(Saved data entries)
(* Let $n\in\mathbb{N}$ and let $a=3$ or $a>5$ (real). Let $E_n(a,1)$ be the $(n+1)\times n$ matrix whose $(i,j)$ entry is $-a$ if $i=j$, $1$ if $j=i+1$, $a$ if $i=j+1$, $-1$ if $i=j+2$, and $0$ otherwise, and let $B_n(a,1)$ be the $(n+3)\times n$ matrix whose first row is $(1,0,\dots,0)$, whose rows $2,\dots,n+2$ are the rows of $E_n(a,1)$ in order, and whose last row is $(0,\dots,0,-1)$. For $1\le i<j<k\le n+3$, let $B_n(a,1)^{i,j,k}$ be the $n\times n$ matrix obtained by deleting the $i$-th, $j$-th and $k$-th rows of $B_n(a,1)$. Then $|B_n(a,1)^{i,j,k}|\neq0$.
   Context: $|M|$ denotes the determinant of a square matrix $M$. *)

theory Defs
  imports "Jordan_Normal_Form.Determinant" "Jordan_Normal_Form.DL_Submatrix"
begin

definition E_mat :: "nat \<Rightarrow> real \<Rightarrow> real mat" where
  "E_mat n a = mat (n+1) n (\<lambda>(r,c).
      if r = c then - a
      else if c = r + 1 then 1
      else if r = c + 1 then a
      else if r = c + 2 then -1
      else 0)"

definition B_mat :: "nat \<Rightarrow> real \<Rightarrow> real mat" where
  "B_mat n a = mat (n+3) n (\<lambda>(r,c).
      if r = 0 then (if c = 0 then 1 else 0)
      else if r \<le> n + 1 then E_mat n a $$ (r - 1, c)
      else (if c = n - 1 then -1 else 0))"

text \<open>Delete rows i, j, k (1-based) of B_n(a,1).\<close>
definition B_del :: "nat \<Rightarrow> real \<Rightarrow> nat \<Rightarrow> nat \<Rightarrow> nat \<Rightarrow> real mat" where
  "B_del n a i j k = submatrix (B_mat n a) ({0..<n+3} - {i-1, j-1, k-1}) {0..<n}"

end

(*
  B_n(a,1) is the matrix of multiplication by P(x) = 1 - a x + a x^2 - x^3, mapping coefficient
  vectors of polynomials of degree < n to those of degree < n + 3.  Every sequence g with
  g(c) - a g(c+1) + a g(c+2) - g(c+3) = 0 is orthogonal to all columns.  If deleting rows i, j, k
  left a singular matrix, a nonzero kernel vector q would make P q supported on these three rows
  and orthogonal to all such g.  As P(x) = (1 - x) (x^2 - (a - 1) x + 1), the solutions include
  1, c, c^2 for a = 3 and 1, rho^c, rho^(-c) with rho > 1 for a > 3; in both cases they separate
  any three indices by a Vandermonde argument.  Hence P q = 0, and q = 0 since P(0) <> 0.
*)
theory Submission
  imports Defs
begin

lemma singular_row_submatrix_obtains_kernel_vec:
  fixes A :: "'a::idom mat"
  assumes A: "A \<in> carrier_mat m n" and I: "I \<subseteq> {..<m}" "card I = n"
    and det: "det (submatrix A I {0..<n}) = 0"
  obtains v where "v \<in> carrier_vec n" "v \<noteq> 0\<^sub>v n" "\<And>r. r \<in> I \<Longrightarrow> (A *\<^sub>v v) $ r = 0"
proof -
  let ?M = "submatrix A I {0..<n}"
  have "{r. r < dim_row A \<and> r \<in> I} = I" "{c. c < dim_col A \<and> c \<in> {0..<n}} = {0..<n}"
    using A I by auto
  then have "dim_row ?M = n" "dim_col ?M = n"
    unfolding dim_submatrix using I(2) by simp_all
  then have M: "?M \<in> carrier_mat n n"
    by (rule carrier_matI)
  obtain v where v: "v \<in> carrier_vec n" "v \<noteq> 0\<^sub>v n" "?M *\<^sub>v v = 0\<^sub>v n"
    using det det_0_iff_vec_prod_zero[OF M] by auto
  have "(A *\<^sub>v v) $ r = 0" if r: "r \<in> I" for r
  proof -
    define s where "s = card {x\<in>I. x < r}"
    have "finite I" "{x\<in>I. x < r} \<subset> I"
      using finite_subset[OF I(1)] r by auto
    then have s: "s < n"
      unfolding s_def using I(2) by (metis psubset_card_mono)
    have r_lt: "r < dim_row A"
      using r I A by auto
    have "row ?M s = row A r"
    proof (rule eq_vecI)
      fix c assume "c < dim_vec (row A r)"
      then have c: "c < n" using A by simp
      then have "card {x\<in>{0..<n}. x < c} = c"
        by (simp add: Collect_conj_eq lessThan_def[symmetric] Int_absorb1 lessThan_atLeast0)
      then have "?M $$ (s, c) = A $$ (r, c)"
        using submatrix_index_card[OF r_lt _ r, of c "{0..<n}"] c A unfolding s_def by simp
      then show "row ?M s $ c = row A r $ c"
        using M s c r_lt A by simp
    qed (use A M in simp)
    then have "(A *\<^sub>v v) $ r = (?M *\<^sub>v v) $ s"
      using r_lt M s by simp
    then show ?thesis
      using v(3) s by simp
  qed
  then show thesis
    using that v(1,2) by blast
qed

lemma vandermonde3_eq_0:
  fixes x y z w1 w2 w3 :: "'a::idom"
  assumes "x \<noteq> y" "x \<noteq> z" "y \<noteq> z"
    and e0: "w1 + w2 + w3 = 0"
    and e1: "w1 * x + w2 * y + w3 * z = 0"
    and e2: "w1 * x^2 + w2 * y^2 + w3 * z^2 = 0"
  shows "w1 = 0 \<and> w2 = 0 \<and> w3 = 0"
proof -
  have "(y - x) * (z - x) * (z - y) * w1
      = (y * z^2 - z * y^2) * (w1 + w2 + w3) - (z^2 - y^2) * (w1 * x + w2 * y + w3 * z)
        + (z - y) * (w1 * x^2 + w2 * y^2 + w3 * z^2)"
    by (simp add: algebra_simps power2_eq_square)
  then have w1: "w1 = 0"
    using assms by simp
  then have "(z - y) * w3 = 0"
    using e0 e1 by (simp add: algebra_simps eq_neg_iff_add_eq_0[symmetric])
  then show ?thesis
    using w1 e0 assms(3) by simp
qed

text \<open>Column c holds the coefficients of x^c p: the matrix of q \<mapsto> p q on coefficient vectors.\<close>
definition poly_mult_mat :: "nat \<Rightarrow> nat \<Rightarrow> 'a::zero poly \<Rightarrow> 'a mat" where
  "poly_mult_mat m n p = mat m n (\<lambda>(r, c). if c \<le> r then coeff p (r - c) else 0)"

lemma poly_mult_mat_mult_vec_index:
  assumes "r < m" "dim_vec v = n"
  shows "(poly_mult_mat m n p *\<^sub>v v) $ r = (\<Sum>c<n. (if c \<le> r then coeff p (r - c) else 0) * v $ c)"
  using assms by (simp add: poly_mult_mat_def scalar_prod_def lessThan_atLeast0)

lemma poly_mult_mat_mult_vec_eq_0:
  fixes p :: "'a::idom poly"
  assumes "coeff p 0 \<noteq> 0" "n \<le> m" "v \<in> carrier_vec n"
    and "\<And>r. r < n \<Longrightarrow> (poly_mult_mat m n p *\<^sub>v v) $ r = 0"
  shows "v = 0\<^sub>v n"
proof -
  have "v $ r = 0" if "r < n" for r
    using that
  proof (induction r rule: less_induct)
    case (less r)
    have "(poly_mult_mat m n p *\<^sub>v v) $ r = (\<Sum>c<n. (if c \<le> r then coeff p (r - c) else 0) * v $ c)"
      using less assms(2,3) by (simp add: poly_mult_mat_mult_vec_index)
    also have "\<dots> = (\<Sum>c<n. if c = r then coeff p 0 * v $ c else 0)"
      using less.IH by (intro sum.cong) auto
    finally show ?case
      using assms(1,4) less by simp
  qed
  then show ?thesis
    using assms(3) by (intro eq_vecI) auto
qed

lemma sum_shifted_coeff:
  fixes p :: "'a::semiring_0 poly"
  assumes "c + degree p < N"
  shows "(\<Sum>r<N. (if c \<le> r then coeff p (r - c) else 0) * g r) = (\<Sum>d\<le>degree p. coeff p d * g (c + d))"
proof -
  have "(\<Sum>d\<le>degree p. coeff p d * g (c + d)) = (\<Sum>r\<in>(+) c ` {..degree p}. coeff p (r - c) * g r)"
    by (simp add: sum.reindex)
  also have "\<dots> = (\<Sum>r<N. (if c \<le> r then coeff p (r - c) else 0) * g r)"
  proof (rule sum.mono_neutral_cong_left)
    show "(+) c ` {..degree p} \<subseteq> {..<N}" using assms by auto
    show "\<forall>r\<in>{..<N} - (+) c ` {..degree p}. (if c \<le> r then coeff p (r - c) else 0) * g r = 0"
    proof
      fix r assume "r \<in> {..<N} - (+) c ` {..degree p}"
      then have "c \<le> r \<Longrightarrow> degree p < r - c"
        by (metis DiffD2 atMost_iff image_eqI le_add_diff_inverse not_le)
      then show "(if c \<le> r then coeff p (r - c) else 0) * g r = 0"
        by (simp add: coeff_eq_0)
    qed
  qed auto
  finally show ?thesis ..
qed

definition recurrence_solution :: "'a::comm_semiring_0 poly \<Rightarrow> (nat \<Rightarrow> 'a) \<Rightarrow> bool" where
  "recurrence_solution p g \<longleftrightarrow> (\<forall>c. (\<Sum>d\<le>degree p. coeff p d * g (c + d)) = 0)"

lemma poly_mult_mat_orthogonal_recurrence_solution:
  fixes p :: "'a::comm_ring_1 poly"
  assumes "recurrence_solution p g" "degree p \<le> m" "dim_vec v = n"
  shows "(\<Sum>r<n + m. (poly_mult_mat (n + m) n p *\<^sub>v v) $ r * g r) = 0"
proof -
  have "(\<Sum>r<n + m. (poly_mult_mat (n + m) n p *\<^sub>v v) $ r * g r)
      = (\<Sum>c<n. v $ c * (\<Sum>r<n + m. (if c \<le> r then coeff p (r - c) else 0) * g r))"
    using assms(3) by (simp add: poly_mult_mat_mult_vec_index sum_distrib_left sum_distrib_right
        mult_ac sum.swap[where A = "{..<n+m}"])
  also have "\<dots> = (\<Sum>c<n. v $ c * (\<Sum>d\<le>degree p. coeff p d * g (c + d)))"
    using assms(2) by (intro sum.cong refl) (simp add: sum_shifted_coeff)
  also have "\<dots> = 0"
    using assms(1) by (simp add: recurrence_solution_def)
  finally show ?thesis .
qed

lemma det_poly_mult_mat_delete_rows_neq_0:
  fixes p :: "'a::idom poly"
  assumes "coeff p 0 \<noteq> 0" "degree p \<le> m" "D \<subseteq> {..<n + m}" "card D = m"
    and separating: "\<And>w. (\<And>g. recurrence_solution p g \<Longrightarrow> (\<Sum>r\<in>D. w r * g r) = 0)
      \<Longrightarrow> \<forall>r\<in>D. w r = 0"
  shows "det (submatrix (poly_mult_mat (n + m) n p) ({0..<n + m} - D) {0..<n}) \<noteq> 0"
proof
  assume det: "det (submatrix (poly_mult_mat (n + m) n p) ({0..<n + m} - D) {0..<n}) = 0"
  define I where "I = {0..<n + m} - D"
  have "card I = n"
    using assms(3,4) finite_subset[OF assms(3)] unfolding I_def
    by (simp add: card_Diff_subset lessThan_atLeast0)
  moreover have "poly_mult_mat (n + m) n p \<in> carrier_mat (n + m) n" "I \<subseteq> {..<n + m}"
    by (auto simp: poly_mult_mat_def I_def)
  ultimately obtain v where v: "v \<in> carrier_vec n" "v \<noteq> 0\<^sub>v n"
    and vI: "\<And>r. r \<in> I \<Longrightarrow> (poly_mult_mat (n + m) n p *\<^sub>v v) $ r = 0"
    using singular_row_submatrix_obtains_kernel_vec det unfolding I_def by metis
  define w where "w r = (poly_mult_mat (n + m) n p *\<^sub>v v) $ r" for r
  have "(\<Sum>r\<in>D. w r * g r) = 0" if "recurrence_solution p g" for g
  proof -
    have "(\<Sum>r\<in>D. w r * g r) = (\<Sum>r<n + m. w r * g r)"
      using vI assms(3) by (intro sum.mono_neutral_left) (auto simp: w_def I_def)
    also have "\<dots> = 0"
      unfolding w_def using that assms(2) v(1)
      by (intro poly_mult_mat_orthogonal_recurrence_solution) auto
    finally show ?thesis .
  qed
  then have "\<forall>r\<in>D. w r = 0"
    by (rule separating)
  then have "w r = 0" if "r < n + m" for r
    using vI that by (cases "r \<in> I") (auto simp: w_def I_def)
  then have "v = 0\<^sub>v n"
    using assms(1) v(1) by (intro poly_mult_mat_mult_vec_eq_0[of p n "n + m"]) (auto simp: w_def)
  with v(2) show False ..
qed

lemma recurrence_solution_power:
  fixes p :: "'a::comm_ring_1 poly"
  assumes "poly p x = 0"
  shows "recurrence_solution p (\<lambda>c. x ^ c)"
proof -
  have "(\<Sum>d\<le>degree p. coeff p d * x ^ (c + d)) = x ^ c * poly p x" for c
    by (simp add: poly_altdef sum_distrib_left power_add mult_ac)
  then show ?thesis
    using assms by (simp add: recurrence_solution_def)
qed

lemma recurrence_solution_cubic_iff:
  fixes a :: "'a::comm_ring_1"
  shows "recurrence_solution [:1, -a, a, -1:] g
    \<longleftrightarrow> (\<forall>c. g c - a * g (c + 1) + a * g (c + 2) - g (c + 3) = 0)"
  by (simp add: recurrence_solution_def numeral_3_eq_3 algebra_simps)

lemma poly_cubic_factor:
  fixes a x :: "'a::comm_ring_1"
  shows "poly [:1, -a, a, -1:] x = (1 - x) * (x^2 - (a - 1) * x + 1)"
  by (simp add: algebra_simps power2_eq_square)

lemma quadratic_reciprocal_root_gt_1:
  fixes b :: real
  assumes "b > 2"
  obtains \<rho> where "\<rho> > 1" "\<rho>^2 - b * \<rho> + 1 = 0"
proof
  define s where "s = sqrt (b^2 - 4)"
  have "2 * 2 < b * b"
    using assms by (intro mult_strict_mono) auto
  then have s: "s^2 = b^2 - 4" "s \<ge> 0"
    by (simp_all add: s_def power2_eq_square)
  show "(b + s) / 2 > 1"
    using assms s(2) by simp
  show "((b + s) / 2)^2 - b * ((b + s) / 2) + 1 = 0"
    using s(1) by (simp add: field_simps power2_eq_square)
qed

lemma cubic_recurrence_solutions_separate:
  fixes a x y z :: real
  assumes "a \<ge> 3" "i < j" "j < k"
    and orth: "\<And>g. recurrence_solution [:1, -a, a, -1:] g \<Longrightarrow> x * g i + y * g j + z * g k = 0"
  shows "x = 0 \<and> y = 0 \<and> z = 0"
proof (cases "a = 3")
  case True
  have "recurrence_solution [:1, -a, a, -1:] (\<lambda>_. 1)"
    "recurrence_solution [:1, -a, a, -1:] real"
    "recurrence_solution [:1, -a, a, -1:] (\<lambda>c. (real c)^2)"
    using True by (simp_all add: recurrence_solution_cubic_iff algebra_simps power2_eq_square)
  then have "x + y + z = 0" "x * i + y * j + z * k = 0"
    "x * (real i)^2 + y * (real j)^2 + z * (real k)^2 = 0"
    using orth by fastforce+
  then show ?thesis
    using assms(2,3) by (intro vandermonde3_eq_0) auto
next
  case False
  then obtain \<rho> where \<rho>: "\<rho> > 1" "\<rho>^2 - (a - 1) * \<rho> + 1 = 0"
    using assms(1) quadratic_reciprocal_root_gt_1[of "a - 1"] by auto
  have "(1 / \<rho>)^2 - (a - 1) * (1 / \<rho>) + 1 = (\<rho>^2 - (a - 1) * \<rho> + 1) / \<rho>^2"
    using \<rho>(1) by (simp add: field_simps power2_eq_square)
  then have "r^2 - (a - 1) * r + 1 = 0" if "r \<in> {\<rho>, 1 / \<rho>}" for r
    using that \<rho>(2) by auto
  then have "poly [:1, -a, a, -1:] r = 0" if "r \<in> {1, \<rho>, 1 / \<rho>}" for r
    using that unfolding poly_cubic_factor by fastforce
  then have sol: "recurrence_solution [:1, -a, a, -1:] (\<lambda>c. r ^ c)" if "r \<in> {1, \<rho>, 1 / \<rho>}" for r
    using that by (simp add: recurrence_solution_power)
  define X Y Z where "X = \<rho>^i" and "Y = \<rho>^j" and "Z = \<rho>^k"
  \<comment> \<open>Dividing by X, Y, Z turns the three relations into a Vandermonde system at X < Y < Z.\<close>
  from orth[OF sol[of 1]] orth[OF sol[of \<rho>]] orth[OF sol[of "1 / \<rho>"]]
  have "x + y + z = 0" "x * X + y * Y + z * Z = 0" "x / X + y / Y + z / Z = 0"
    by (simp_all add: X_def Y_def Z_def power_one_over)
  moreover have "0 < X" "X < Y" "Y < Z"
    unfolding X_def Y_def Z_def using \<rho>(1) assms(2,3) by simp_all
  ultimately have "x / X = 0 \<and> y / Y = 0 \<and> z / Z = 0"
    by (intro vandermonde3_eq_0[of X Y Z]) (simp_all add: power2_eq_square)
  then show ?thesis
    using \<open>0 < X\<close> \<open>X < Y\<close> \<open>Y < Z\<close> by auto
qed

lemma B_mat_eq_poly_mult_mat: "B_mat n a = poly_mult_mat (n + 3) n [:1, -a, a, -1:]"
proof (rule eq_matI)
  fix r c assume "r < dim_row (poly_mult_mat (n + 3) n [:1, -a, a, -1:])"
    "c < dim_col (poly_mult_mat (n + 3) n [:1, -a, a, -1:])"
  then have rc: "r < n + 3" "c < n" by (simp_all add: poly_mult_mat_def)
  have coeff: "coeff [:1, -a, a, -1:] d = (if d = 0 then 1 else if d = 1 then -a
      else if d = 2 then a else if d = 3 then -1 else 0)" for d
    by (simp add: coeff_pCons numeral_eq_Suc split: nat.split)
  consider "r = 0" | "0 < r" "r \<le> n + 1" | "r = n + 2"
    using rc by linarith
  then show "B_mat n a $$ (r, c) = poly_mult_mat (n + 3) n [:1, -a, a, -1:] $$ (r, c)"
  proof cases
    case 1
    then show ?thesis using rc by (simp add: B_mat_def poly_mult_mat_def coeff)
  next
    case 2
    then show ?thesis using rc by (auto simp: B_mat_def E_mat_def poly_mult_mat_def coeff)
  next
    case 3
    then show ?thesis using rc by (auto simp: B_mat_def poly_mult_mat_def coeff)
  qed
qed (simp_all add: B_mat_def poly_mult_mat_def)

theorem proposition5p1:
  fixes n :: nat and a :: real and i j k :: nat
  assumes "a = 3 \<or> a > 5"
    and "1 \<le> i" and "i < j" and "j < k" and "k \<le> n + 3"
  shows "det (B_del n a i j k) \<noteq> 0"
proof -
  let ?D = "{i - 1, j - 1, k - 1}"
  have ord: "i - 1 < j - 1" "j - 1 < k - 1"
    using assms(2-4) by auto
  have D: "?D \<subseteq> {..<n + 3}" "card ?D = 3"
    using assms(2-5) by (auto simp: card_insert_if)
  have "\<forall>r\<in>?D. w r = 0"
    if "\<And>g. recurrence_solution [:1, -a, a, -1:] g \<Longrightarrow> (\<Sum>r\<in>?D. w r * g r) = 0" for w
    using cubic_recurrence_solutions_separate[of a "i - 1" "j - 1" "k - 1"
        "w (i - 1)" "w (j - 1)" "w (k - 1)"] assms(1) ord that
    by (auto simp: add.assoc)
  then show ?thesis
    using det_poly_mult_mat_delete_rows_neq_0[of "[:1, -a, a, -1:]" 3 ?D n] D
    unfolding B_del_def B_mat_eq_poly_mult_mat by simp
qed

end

WHAT YOU SHOULD DO =>
The lines above that hold the word "idom" should be found and copied out.

RESULT =>
  fixes A :: "'a::idom mat"
  fixes x y z w1 w2 w3 :: "'a::idom"
  fixes p :: "'a::idom poly"
  fixes p :: "'a::idom poly"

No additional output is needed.